I had a couple of little revelations in the last half hour on my excursion to Community Market. Willie was walking Rosie up my street when I came out the front door. We stopped in passing and talked a little. I learned that he makes a living by selling goods from a booth at Saturday Market. Willie fashions shirts and other clothing, and he makes wooden hand drums. When I asked, he described himself as an “old hippie” with a smile. Next, I rounded the corner onto Fremont Avenue and, to my shock, a for sale sign hung like a gibbet in the front yard of Kat’s house. Her family has only been living there for a year and a half. I have no clue what changed their mind or what the circumstances are. And finally, it sounds like Heather is going through a breakup. Willie honked his horn at me on Maxwell Road as I was walking home. He was on his way to set up his booth, for after all this is Saturday. The sun is out this morning in a clear blue sky, but the air is windless. A prop plane hums over my house. My dog anticipates breakfast. Aesop has been rather agitated lately; he doesn’t sleep well and has nightmares when he does. Probably he feeds off my own disquiet about the world today. I’ll be relieved when summer is gone.
They say that endings are really new beginnings. Even so, bring on the autumn…
I don’t feel very good today. I suspect the cholesterol medication makes me dizzy and unbalanced, plus I have back pain. Just the wages of getting older. I hope I can make it to church tomorrow morning… But mentally I’m doing pretty well. The raspberry tea must’ve helped me. It is definitely cloudy and overcast today, and I kind of like it. Maybe it won’t get so hot this time. My mind dwells on school during the fall of 1990 for some reason. It was the only time I ever went to a Halloween party— and felt like a complete social klutz. It was also a time when I had to choose between music and academics, ultimately picking school. A difficult decision. But I think I was in the wrong place with my musical friends, though I didn’t realize it right away. I dunno; it’s hard to be a divided person with diverse abilities.

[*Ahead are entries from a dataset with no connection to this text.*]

(* Let $f\in\mathbf C[[x]][y]$ be a reduced distinguished polynomial of degree $n\ge 2$, and let $d$ be the l.c.m. of the degrees of its irreducible factors. Then for every $r\in\frac1d\mathbf Z$: $$\mathcal F_rf\subset\mathcal F_{r+1}f'_x+\mathcal E_{>r}f'_y.$$
   Context: Distinguished: monic in $y$ with $f(0,y)=y^n$. Write $f=\prod_{i=1}^n(y-a_i)$ with pairwise distinct $a_i$ in $\overline K=\bigcup_{e\ge1}\mathbf C[[x^{1/e}]][1/x]$ (valuation $\nu$). Let $\varepsilon_i=\prod_{j\ne i}(y-a_j)$, a basis of the $\overline K$-space $\overline{\mathcal E}$ of polynomials of degree $<n$ in $y$. For $w=\sum_iw_i\varepsilon_i$, $\mathrm{val}(w)=\inf_i\nu(w_i)$. With $K=\mathbf C((x))$, $\mathcal E$ (resp. $\mathcal F$) is the $K$-space of polynomials in $K[y]$ of degree $<n$ (resp. $<n-1$); $\mathcal E_r=\{w\in\mathcal E:\mathrm{val}(w)\ge r\}$, $\mathcal E_{>r}=\{w\in\mathcal E:\mathrm{val}(w)>r\}$, $\mathcal F_r=\mathcal E_r\cap\mathcal F$. $f'_x,f'_y$ are the partial derivatives. *)

theory Defs
  imports "HOL-Computational_Algebra.Computational_Algebra"
begin

definition distinguished :: "complex fps poly \<Rightarrow> bool" where
  "distinguished f \<longleftrightarrow> lead_coeff f = 1 \<and> (\<forall>k < degree f. poly.coeff f k $ 0 = 0)"
(* Let $C\subseteq\{0,1\}^n$ be a maximum class with corner-peeling ordering $v_1,\dots,v_{|C|}$, and let $r(v_t)$ be the set of colors of the edges incident to $v_t$ in $\Gamma(C_{t-1})$ (the corner-peeling unlabeled compression scheme). Orient each edge of $\Gamma(C)$ of color $i$ away from its endpoint $u$ with $i\in r(u)$. Then the resulting directed graph has no directed cycle, i.e., every corner-peeling unlabeled compression scheme is acyclic.
   Context: For $C\subseteq\{0,1\}^n$, $C$ is maximum if $|C|=\sum_{i=0}^{\mathrm{VC}(C)}\binom{n}{i}$, where $\mathrm{VC}(C)$ is the VC-dimension. The one-inclusion graph $\Gamma(C)$ has vertex set $C$, with an edge between vertices differing in exactly one coordinate, colored by that coordinate. A $k$-cube in $C$ is a set of $2^k$ points of $C$ agreeing outside some $k$ coordinates and taking all values on them. A corner-peeling ordering is an ordering $v_1,\dots,v_{|C|}$ of $C$ such that, with $C_0=C$ and $C_t=C_{t-1}\setminus\{v_t\}$, for each $t$ there is a unique cube $C'_{t-1}$ of maximum dimension among cubes in $C_{t-1}$ containing $v_t$, and all neighbours of $v_t$ in $\Gamma(C_{t-1})$ lie in $C'_{t-1}$. *)

theory Defs
  imports Main
begin

text \<open>A point of {0,1}^n is represented by its support, a subset of {..<n}:
  coordinate i of x is 1 iff i is in x.  A class is a set of such points.\<close>

definition symdiff :: "nat set \<Rightarrow> nat set \<Rightarrow> nat set" where
  "symdiff u w = (u - w) \<union> (w - u)"

definition oig_edge :: "nat set \<Rightarrow> nat set \<Rightarrow> nat \<Rightarrow> bool" where
  "oig_edge u w i \<longleftrightarrow> symdiff u w = {i}"

definition shatters :: "nat set set \<Rightarrow> nat set \<Rightarrow> bool" where
  "shatters C S \<longleftrightarrow> (\<forall>T\<subseteq>S. \<exists>c\<in>C. c \<inter> S = T)"

definition vc_dim :: "nat \<Rightarrow> nat set set \<Rightarrow> nat" where
  "vc_dim n C = Max {card S | S. S \<subseteq> {..<n} \<and> shatters C S}"

definition maximum_class :: "nat \<Rightarrow> nat set set \<Rightarrow> bool" where
  "maximum_class n C \<longleftrightarrow> C \<subseteq> Pow {..<n} \<and> card C = (\<Sum>i\<le>vc_dim n C. n choose i)"

definition is_cube :: "nat \<Rightarrow> nat set set \<Rightarrow> nat set set \<Rightarrow> nat set \<Rightarrow> bool" where
  "is_cube n D Q K \<longleftrightarrow> K \<subseteq> {..<n} \<and> Q \<subseteq> D \<and>
     (\<exists>x. x \<subseteq> {..<n} \<and> Q = {(x - K) \<union> T | T. T \<subseteq> K})"

definition is_corner :: "nat \<Rightarrow> nat set set \<Rightarrow> nat set \<Rightarrow> bool" where
  "is_corner n D v \<longleftrightarrow>
     (\<exists>Q K. is_cube n D Q K \<and> v \<in> Q \<and>
        (\<forall>Q' K'. is_cube n D Q' K' \<and> v \<in> Q' \<longrightarrow>
            card K' \<le> card K \<and> (card K' = card K \<longrightarrow> Q' = Q)) \<and>
        (\<forall>w\<in>D. \<forall>i. oig_edge v w i \<longrightarrow> w \<in> Q))"

text \<open>Corner-peeling ordering vs of C (0-indexed): C_t = C minus the first t elements.\<close>
definition corner_peeling :: "nat \<Rightarrow> nat set set \<Rightarrow> nat set list \<Rightarrow> bool" where
  "corner_peeling n C vs \<longleftrightarrow> distinct vs \<and> set vs = C \<and>
     (\<forall>t<length vs. is_corner n (C - set (take t vs)) (vs ! t))"

definition cp_r :: "nat set set \<Rightarrow> nat set list \<Rightarrow> nat set \<Rightarrow> nat set" where
  "cp_r C vs u = {i. \<exists>t<length vs. vs ! t = u \<and>
                       (\<exists>w\<in>C - set (take t vs). oig_edge u w i)}"

definition cp_orientation :: "nat set set \<Rightarrow> nat set list \<Rightarrow> (nat set \<times> nat set) set" where
  "cp_orientation C vs = {(u, w). u \<in> C \<and> w \<in> C \<and>
                            (\<exists>i. oig_edge u w i \<and> i \<in> cp_r C vs u)}"

end

theory Submission
  imports Defs
begin

text \<open>When u is peeled, r(u) only records colours of edges towards points that are still
  present, i.e. peeled later; by uniqueness of the neighbour of u in a given colour, every arc
  of the orientation therefore points forward in the peeling order, and a relation whose arcs
  all go forward along a list of distinct elements is acyclic.\<close>

lemma oig_edge_unique:
  assumes "oig_edge u w i" and "oig_edge u w' i"
  shows "w' = w"
proof -
  from assms have "symdiff u w' = symdiff u w" by (simp add: oig_edge_def)
  then show ?thesis unfolding symdiff_def by blast
qed

lemma acyclic_if_forward_in_list:
  assumes "distinct xs"
    and forward: "\<And>x y. (x, y) \<in> R \<Longrightarrow>
      \<exists>t s. t < s \<and> s < length xs \<and> xs ! t = x \<and> xs ! s = y"
  shows "acyclic R"
proof -
  define pos where "pos x = (THE t. t < length xs \<and> xs ! t = x)" for x
  have pos_nth: "pos (xs ! t) = t" if "t < length xs" for t
    unfolding pos_def using that assms(1) by (auto intro!: the_equality simp: nth_eq_iff_index_eq)
  have "R \<subseteq> inv_image less_than pos"
  proof clarify
    fix x y assume "(x, y) \<in> R"
    with forward obtain t s where "t < s" "s < length xs" "xs ! t = x" "xs ! s = y" by blast
    then show "(x, y) \<in> inv_image less_than pos" by (auto simp: pos_nth)
  qed
  then have "wf R" by (rule wf_subset[rotated]) simp
  then show ?thesis by (rule wf_acyclic)
qed

lemma cp_orientation_forward:
  assumes "distinct vs" and "set vs = C" and "(u, w) \<in> cp_orientation C vs"
  shows "\<exists>t s. t < s \<and> s < length vs \<and> vs ! t = u \<and> vs ! s = w"
proof -
  from assms(3) obtain i t w' where t: "t < length vs" "vs ! t = u"
    and w': "w' \<in> C - set (take t vs)" "oig_edge u w' i"
    and uw: "oig_edge u w i" and "w \<in> C"
    unfolding cp_orientation_def cp_r_def by blast
  from \<open>w \<in> C\<close> assms(2) obtain s where s: "s < length vs" "vs ! s = w"
    by (auto simp: in_set_conv_nth)
  have "w \<notin> set (take t vs)" using w' oig_edge_unique[OF uw w'(2)] by simp
  then have "\<not> s < t" using s t by (auto simp: in_set_conv_nth)
  moreover have "w \<noteq> u" using uw by (auto simp: oig_edge_def symdiff_def)
  then have "s \<noteq> t" using s t by auto
  ultimately show ?thesis using s t by (intro exI[of _ t] exI[of _ s]) simp
qed

theorem proposition1:
  fixes n :: nat and C :: "nat set set" and vs :: "nat set list"
  assumes "maximum_class n C"
    and "corner_peeling n C vs"
  shows "acyclic (cp_orientation C vs)"
proof (rule acyclic_if_forward_in_list)
  show "distinct vs" using assms(2) by (simp add: corner_peeling_def)
  moreover have "set vs = C" using assms(2) by (simp add: corner_peeling_def)
  ultimately show "\<exists>t s. t < s \<and> s < length vs \<and> vs ! t = u \<and> vs ! s = w"
    if "(u, w) \<in> cp_orientation C vs" for u w
    using cp_orientation_forward that by blast
qed

end
(* Let $1\le k\le n$, $p>q$, let $\phi$ be a positive smooth function on $\mathbb{S}^n$, and let $u$ be a positive smooth strictly spherical convex solution of $\sigma_k^{1/k}(b)=u^{\frac{p-1}{k}}(u^2+|\nabla u|^2)^{\frac{k+1-q}{2k}}\phi^{1/k}$, where $b=(b_{ij})=(u_{ij}+u\delta_{ij})$. Define, with $F=\sigma_k^{1/k}$ and $F^{ij}=\partial F/\partial b_{ij}$ evaluated at $b$, $$L_u(v)=F^{ij}(v_{ij}+v\delta_{ij})-\frac{p-1}{k}u^{\frac{p-1}{k}-1}\rho^{\frac{k+1-q}{k}}\phi^{\frac1k}v-\frac{k+1-q}{k}u^{\frac{p-1}{k}+1}\rho^{\frac{k+1-q}{k}-2}\phi^{\frac1k}v-\frac{k+1-q}{k}u^{\frac{p-1}{k}}\rho^{\frac{k+1-q}{k}-2}\phi^{\frac1k}\sum_l u_lv_l,$$ where $\rho=\sqrt{u^2+|\nabla u|^2}$. Then if $v\in C^2(\mathbb{S}^n)$ satisfies $L_u(v)=0$, it follows that $v\equiv0$.
   Context: $\mathbb{S}^n$ is the round unit sphere; subscripts denote covariant derivatives in a local orthonormal frame, with summation over repeated indices. $\sigma_k$ is the $k$-th elementary symmetric polynomial of the eigenvalues of a symmetric matrix. $u$ is strictly spherical convex if $(u_{ij}+u\delta_{ij})$ is positive definite everywhere. *)

theory Defs
  imports "HOL-Analysis.Analysis"
begin

text \<open>The round unit sphere S^n is modelled as the unit sphere  sphere 0 1  in the
  Euclidean space real^'m with CARD('m) = n + 1.  Functions on S^n are given as
  real-valued functions on real^'m; regularity on S^n means regularity of the function
  on some open neighbourhood of the sphere.\<close>

fun Ck_on :: "nat \<Rightarrow> ('a::euclidean_space) set \<Rightarrow> ('a \<Rightarrow> real) \<Rightarrow> bool" where
  "Ck_on 0 S f = continuous_on S f"
| "Ck_on (Suc m) S f =
     ((\<forall>x\<in>S. f differentiable (at x)) \<and>
      (\<forall>i\<in>Basis. Ck_on m S (\<lambda>x. frechet_derivative f (at x) i)))"
(* With the weights p_n = a_n^2 e^(n t) / H(t), A(t) and B(t) are the mean and the variance of n,
   and H(t + w) / H(t) * e^(-w A(t)) is the moment generating function of n - A(t).  Subtracting
   1 + w^2 B(t) / 2 leaves a cubic Taylor remainder, controlled by the exponential moment of
   |n - A(t)| / sqrt B(t).  That moment is bounded by the real generating function at
   s = +-1/sqrt B(t), hence (Taylor for log H) by exp (s^2 / 2 * max B) over the window
   |s| <= 1/sqrt B(t).  At a normal value this window lies in one long interval T_l, on which B
   changes at most by the factor ((l+1)/l)^6 <= 64.  The principal logarithm of the generating
   function, which stays close to 1, then gives L. *)

lemma summable_of_nat_mult_powser:
  fixes c :: "nat \<Rightarrow> 'a::{real_normed_field,banach}"
  assumes "\<And>x. summable (\<lambda>n. c n * x ^ n)"
  shows "summable (\<lambda>n. (of_nat n * c n) * x ^ n)"
proof -
  have "summable (\<lambda>n. diffs c n * x ^ n * x)"
    using termdiff_converges_all[OF assms] by (rule summable_mult2)
  also have "(\<lambda>n. diffs c n * x ^ n * x) = (\<lambda>n. (of_nat (Suc n) * c (Suc n)) * x ^ Suc n)"
    by (auto simp: diffs_def algebra_simps)
  finally show ?thesis
    by (subst summable_Suc_iff[symmetric])
qed

lemma summable_powser_moment:
  fixes c :: "nat \<Rightarrow> 'a::{real_normed_field,banach}"
  assumes "\<And>x. summable (\<lambda>n. c n * x ^ n)"
  shows "summable (\<lambda>n. (of_nat n ^ k * c n) * x ^ n)"
proof (induction k arbitrary: x)
  case 0
  then show ?case using assms by simp
next
  case (Suc k)
  from summable_of_nat_mult_powser[OF Suc.IH] show ?case
    by (simp add: mult.assoc)
qed

definition exp_powser :: "(nat \<Rightarrow> real) \<Rightarrow> real \<Rightarrow> real" where
  "exp_powser c t = (\<Sum>n. c n * exp t ^ n)"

Quarter after eleven. Feeling lonely again. Roger has some project going in his garage, something noisy. Since his retirement it’s been hard for him to keep busy. What is a retired cop supposed to do? His job was to bust the scumbags, as he called them. He didn’t care how the bad guys came to be that way. Didn’t think about criminal justice or whatever. If they broke the law, they broke the law: period. That was the training he received… Roger has been my neighbor for many years. He’s an old conservative like two other houses on this street. The most outrageous conservatives used to live next door to me. They laughed at homeless people and didn’t own a single book. I was actually sandwiched between two ultra conservative homes. Those people all moved away by June 2015, to my immense relief. They hated me and didn’t try to hide it. Those were very difficult years.
Noon hour. When you can’t find a niche where you fit in, you have to carve your own niche. That’s what having a domain is all about.